Material for this exercise:
=== Begin Enclosure ===
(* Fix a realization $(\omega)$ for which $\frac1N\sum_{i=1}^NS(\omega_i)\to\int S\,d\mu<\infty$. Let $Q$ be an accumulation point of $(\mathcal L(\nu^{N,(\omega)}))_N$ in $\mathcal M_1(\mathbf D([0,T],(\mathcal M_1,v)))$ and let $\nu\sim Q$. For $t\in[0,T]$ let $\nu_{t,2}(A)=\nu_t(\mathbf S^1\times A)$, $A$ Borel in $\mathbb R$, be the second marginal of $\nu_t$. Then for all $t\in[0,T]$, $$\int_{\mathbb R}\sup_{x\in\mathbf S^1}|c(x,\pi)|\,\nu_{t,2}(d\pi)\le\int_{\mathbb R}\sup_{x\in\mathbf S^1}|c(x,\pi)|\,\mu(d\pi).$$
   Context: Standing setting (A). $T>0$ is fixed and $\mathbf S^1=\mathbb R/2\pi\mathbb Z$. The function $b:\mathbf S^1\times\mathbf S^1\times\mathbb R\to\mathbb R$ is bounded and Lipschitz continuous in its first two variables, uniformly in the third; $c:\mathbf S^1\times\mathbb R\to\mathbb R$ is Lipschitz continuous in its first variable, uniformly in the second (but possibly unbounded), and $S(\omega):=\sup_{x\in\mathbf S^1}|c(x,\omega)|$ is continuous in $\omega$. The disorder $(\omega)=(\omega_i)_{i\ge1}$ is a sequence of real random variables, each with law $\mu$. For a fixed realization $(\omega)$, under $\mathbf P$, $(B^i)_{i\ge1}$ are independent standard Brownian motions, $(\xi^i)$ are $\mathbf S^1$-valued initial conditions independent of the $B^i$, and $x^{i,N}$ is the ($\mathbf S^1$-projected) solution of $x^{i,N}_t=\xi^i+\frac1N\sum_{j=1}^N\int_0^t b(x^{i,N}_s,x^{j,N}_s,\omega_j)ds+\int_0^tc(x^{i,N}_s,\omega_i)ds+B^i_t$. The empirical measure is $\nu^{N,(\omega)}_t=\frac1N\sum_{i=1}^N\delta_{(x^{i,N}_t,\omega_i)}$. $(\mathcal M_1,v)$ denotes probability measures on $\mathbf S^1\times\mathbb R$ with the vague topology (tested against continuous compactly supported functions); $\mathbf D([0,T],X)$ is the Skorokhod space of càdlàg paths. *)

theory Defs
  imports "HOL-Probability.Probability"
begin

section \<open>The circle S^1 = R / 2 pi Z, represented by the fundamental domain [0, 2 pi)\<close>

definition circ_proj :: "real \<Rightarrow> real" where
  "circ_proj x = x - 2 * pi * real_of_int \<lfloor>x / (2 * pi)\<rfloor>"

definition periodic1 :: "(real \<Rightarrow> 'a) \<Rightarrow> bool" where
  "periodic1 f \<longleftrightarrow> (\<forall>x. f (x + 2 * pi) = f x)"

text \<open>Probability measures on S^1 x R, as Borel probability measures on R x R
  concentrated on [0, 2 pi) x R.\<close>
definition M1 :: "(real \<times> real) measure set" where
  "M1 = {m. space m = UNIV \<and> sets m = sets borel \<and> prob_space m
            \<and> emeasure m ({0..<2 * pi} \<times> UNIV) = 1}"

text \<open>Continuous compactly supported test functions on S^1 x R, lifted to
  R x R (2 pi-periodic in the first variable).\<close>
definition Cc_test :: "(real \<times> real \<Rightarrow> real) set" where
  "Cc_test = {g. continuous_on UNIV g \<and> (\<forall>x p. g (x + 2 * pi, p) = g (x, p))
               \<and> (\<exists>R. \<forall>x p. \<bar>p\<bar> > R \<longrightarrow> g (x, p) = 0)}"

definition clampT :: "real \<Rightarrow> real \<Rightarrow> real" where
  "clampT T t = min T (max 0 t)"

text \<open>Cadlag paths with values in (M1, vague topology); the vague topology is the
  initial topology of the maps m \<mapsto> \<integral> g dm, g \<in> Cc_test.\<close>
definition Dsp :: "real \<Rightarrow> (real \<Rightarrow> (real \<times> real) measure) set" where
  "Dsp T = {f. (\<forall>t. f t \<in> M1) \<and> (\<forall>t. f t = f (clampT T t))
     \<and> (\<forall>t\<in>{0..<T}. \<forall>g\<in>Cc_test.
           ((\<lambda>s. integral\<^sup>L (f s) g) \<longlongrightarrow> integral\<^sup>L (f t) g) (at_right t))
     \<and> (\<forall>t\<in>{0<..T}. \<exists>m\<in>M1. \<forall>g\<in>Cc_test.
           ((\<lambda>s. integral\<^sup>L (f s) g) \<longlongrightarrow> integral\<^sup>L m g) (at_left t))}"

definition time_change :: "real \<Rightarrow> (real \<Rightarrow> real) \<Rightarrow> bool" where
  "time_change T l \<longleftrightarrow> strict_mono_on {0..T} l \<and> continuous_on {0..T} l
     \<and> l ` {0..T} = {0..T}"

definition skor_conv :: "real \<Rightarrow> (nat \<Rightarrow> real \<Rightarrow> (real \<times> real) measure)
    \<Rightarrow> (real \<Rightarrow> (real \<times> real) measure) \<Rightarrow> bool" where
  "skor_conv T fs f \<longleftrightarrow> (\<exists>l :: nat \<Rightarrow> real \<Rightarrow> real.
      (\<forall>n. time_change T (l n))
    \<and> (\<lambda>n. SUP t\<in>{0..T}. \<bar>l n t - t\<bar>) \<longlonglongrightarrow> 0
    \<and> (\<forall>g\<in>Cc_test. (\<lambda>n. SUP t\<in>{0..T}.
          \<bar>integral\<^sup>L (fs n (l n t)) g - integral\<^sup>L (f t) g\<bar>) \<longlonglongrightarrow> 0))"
=== End Enclosure ===
=== Begin Enclosure ===
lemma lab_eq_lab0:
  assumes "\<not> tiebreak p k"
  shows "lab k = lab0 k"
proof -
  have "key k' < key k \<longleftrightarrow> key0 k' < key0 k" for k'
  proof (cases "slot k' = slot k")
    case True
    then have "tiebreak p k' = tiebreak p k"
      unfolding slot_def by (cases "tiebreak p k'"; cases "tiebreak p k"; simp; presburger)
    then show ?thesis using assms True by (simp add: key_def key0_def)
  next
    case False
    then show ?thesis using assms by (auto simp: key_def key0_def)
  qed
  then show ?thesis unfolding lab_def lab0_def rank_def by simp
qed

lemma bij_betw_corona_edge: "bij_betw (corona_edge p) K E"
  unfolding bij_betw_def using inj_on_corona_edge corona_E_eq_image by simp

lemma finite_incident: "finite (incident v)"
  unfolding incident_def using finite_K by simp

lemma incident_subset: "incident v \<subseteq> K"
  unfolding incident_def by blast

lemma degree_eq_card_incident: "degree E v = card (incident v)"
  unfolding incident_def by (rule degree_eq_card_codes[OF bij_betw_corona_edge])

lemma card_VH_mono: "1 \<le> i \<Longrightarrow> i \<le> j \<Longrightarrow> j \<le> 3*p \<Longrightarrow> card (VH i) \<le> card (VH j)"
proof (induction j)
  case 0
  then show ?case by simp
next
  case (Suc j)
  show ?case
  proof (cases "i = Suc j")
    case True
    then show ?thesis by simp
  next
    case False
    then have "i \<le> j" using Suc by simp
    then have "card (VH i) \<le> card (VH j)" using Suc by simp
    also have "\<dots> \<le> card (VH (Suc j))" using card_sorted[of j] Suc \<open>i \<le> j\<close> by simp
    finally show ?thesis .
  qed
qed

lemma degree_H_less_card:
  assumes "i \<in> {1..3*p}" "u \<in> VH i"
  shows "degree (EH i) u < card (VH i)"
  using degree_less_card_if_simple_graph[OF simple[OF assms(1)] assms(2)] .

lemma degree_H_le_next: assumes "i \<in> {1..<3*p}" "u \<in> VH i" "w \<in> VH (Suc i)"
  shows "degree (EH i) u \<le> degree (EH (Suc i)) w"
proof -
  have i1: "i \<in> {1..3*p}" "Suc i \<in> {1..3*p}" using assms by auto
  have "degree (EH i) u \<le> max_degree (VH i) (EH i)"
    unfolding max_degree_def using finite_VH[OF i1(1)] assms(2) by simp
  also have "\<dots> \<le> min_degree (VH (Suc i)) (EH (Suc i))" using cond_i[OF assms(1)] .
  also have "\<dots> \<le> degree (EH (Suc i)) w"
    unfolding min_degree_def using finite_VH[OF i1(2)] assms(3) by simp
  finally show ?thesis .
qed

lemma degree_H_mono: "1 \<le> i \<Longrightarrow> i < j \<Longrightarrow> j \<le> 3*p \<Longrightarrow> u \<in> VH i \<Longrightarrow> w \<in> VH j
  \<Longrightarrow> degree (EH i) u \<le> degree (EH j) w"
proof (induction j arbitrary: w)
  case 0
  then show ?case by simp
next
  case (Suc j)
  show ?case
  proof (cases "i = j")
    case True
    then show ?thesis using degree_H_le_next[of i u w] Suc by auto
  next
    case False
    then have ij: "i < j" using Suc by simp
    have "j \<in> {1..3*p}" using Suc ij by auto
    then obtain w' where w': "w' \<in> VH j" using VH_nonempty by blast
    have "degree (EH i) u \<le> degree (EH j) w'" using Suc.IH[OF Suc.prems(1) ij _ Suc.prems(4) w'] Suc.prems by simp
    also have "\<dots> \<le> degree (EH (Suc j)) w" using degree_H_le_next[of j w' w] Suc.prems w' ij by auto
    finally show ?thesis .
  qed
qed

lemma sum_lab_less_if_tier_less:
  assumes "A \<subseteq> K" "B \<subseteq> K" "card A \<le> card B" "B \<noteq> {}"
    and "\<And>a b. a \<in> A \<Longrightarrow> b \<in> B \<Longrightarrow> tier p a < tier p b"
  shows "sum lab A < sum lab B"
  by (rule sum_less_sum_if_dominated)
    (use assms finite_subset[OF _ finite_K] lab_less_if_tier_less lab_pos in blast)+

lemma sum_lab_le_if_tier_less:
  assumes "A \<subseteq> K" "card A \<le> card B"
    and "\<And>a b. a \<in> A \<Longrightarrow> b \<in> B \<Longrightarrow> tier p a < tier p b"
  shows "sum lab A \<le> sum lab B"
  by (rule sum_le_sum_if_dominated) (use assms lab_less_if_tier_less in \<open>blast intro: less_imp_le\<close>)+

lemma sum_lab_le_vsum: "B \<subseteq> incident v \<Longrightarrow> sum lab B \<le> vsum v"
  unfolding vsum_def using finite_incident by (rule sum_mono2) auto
=== End Enclosure ===
Lines that hold the word "tiebreak" are the ones to copy from the entries above.

  assumes "\<not> tiebreak p k"
    then have "tiebreak p k' = tiebreak p k"
      unfolding slot_def by (cases "tiebreak p k'"; cases "tiebreak p k"; simp; presburger)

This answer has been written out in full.